La compétence sociale peut se définir ainsi : « C’est être capable d’établir des relations de réciprocité positive avec ses partenaires (donner et recevoir avec équité, développer des coopérations conditionnelles) dans sept disciplines implicites de la vie quotidienne : santé, vie familiale et affective, formation, emploi, budget, logement, loisirs, tout en mettant en oeuvre des facteurs de succès comme motivation, anticipation, image de soi positive, sens des responsabilités, maîtrise de l’espace, et utilisation des acquis « .
Trois grands groupes peuvent diviser ces compétences : Le premier est en rapport avec la relation à soi-même : confiance en soi, estime de soi, confiance en ses propres capacités, réflexion sur soi et auto-évaluation. Travis le confirme : « On reprend confiance en soi », en venant travailler.
Le second groupe de compétences se développe dans la relation aux autres : empathie, esprit critique, respect, autodiscipline, capacité de s’exprimer. Il est en rapport avec les travaux en groupes où le MSP laisse parler les TR entre eux. Tristan l’explique très bien : « Si j’arrive à discuter ici, avec une personne, même un nouveau que je ne connaissais pas, je peux très bien le refaire dehors avec une personne que je ne connais pas non plus. »
Le troisième groupe de compétences sociales s’exprime dans la relation à une équipe : capacité à coopérer, aptitude à entrer en conflit et capacité de communication.

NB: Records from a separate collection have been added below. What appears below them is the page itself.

lemma chain_edges_line_x_eq:
  assumes "a \<in> C" "b \<in> C" "a \<lessdot> b" "a' \<in> C" "b' \<in> C" "a' \<lessdot> b'"
    and "height a \<le> t" "t \<le> height b" "height a' \<le> t" "t \<le> height b'"
  shows "line_x (pos a) (pos b) t = line_x (pos a') (pos b') t"
  using chain_edges_at_height[OF assms] height_less_of_covers[OF assms(3)] height_less_of_covers[OF assms(6)]
  by (auto simp: line_x_start line_x_end)

text \<open>At each height the path of C is the graph of a function, so the side of a point can be
  read off from any edge of C spanning its height.\<close>

lemma chain_side_iff:
  assumes ab: "a \<in> C" "b \<in> C" "a \<lessdot> b" "height a \<le> snd p" "snd p \<le> height b"
  shows "strictly_left_of_chain pos C p \<longleftrightarrow> fst p < line_x (pos a) (pos b) (snd p)"
    and "strictly_right_of_chain pos C p \<longleftrightarrow> fst p > line_x (pos a) (pos b) (snd p)"
    and "on_path C p \<longleftrightarrow> fst p = line_x (pos a) (pos b) (snd p)"
proof -
  have same_line: "line_x (pos a') (pos b') (snd p) = line_x (pos a) (pos b) (snd p)"
    if "a' \<in> C" "b' \<in> C" "a' \<lessdot> b'" "height a' \<le> snd p" "snd p \<le> height b'" for a' b'
    using chain_edges_line_x_eq[OF that(1-3) ab(1-3) that(4,5) ab(4,5)] .
  have cross_pos: "cross (pos a') (pos b') p > 0 \<longleftrightarrow> fst p < line_x (pos a') (pos b') (snd p)"
    and cross_neg: "cross (pos a') (pos b') p < 0 \<longleftrightarrow> fst p > line_x (pos a') (pos b') (snd p)"
    if "a' \<lessdot> b'" for a' b'
    using height_less_of_covers[OF that] cross_eq_line_x[of "pos a'" "pos b'" p]
    by (simp_all add: zero_less_mult_iff mult_less_0_iff)
  show "strictly_left_of_chain pos C p \<longleftrightarrow> fst p < line_x (pos a) (pos b) (snd p)"
    unfolding strictly_left_of_chain_def using same_line cross_pos ab by metis
  show "strictly_right_of_chain pos C p \<longleftrightarrow> fst p > line_x (pos a) (pos b) (snd p)"
    unfolding strictly_right_of_chain_def using same_line cross_neg ab by metis
  have seg: "p \<in> closed_segment (pos a') (pos b') \<longleftrightarrow>
      height a' \<le> snd p \<and> snd p \<le> height b' \<and> fst p = line_x (pos a') (pos b') (snd p)"
    if "a' \<lessdot> b'" for a' b'
    using closed_segment_iff_line_x[OF height_less_of_covers[OF that]] .
  show "on_path C p \<longleftrightarrow> fst p = line_x (pos a) (pos b) (snd p)"
    unfolding on_path_def using same_line seg ab by metis
qed

lemma chain_side_cases:
  assumes "height bot \<le> snd p" "snd p \<le> height top"
  shows "strictly_left_of_chain pos C p \<or> strictly_right_of_chain pos C p \<or> on_path C p"
proof -
  obtain a b where ab: "a \<in> C" "b \<in> C" "a \<lessdot> b" "height a \<le> snd p" "snd p \<le> height b"
    using ex_chain_edge_at_height[OF assms] by blast
  show ?thesis using chain_side_iff[OF ab] by linarith
qed

lemma chain_sides_disjoint:
  shows "\<not> (strictly_left_of_chain pos C p \<and> strictly_right_of_chain pos C p)"
    and "\<not> (strictly_left_of_chain pos C p \<and> on_path C p)"
    and "\<not> (strictly_right_of_chain pos C p \<and> on_path C p)"
proof -
  have *: "\<exists>a\<in>C. \<exists>b\<in>C. a \<lessdot> b \<and> height a \<le> snd p \<and> snd p \<le> height b"
    if "strictly_left_of_chain pos C p \<or> strictly_right_of_chain pos C p"
    using that unfolding strictly_left_of_chain_def strictly_right_of_chain_def by blast
  show "\<not> (strictly_left_of_chain pos C p \<and> strictly_right_of_chain pos C p)"
    and "\<not> (strictly_left_of_chain pos C p \<and> on_path C p)"
    and "\<not> (strictly_right_of_chain pos C p \<and> on_path C p)"
    using * chain_side_iff by (metis less_asym less_irrefl)+
qed

lemma on_path_vertex_iff: "on_path C (pos z) \<longleftrightarrow> z \<in> C"
proof
  assume "on_path C (pos z)"
  then show "z \<in> C" unfolding on_path_def using planar unfolding planar_diagram_def by blast
next
  assume "z \<in> C"
  show "on_path C (pos z)"
  proof (cases "z = top")
    case False
    then obtain b where "b \<in> C" "z \<lessdot> b" using maximal_chain_upper_cover[OF chain \<open>z \<in> C\<close>] by auto
    then show ?thesis unfolding on_path_def using \<open>z \<in> C\<close> by blast
  next
    case True
    then obtain b where "b \<in> C" "b \<lessdot> z"
      using maximal_chain_lower_cover[OF chain \<open>z \<in> C\<close>] nontrivial by auto
    then show ?thesis unfolding on_path_def using \<open>z \<in> C\<close> by blast
  qed
qed

lemma vertex_side_cases:
  "z \<notin> C \<Longrightarrow> strictly_left_of_chain pos C (pos z) \<or> strictly_right_of_chain pos C (pos z)"
  using chain_side_cases[OF height_bounds] on_path_vertex_iff by blast

lemma vertex_in_chain_no_side:
  "z \<in> C \<Longrightarrow> \<not> strictly_left_of_chain pos C (pos z) \<and> \<not> strictly_right_of_chain pos C (pos z)"
  using on_path_vertex_iff chain_sides_disjoint by blast

lemma edge_meets_path:
  assumes "u \<lessdot> v" "\<not> (u \<in> C \<and> v \<in> C)" "p \<in> closed_segment (pos u) (pos v)" "on_path C p"
  shows "p \<in> pos ` ({u, v} \<inter> C)"
proof -
  obtain a b where ab: "a \<in> C" "b \<in> C" "a \<lessdot> b" "p \<in> closed_segment (pos a) (pos b)"
    using assms(4) unfolding on_path_def by blast
  have "(u, v) \<noteq> (a, b)" using assms(2) ab by auto
  then have "p \<in> pos ` ({u, v} \<inter> {a, b})"
    using planar assms(1,3) ab(3,4) unfolding planar_diagram_def by blast
  then show ?thesis using ab by blast
qed

text \<open>The points weakly left (right) of the path of C, written as finite unions of closed sets so
  that the connectedness of segments can be applied.\<close>

definition left_region :: "(real \<times> real) set" where
  "left_region = (\<Union>(a, b)\<in>{(a, b). a \<in> C \<and> b \<in> C \<and> a \<lessdot> b}.
     {z. height a \<le> snd z \<and> snd z \<le> height b \<and> fst z \<le> line_x (pos a) (pos b) (snd z)})"

definition right_region :: "(real \<times> real) set" where
  "right_region = (\<Union>(a, b)\<in>{(a, b). a \<in> C \<and> b \<in> C \<and> a \<lessdot> b}.
     {z. height a \<le> snd z \<and> snd z \<le> height b \<and> line_x (pos a) (pos b) (snd z) \<le> fst z})"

A propos de travaux organisés par le MSP demandant aux TR de coopérer pour mener à bien la tâche, Iphigénie relève très enthousiaste: « C’est excellent! » et « Ca crée de la vie ». Elle affirme également que c’est au MSP de favoriser les conditions propices à l’entraide ; les TR risquent autrement de reproduire des comportements connus ; le MSP se doit donc de les encadrer, de les rassurer, de les entraîner et de les reconditionner ; seuls, les TR ne l’effectuent pas. Prudence ajoute que les TR ne viennent pas seulement en atelier pour le travail, mais également pour rencontrer du monde. Ainsi, les TR trouvent un cadre à l’atelier permettant les échanges entre eux.
Les conditions mises en place par les MSP avec une intention pédagogique comme le déclare Matthieu : « Consciemment, je casse les habitudes, assembler des gens improbables ».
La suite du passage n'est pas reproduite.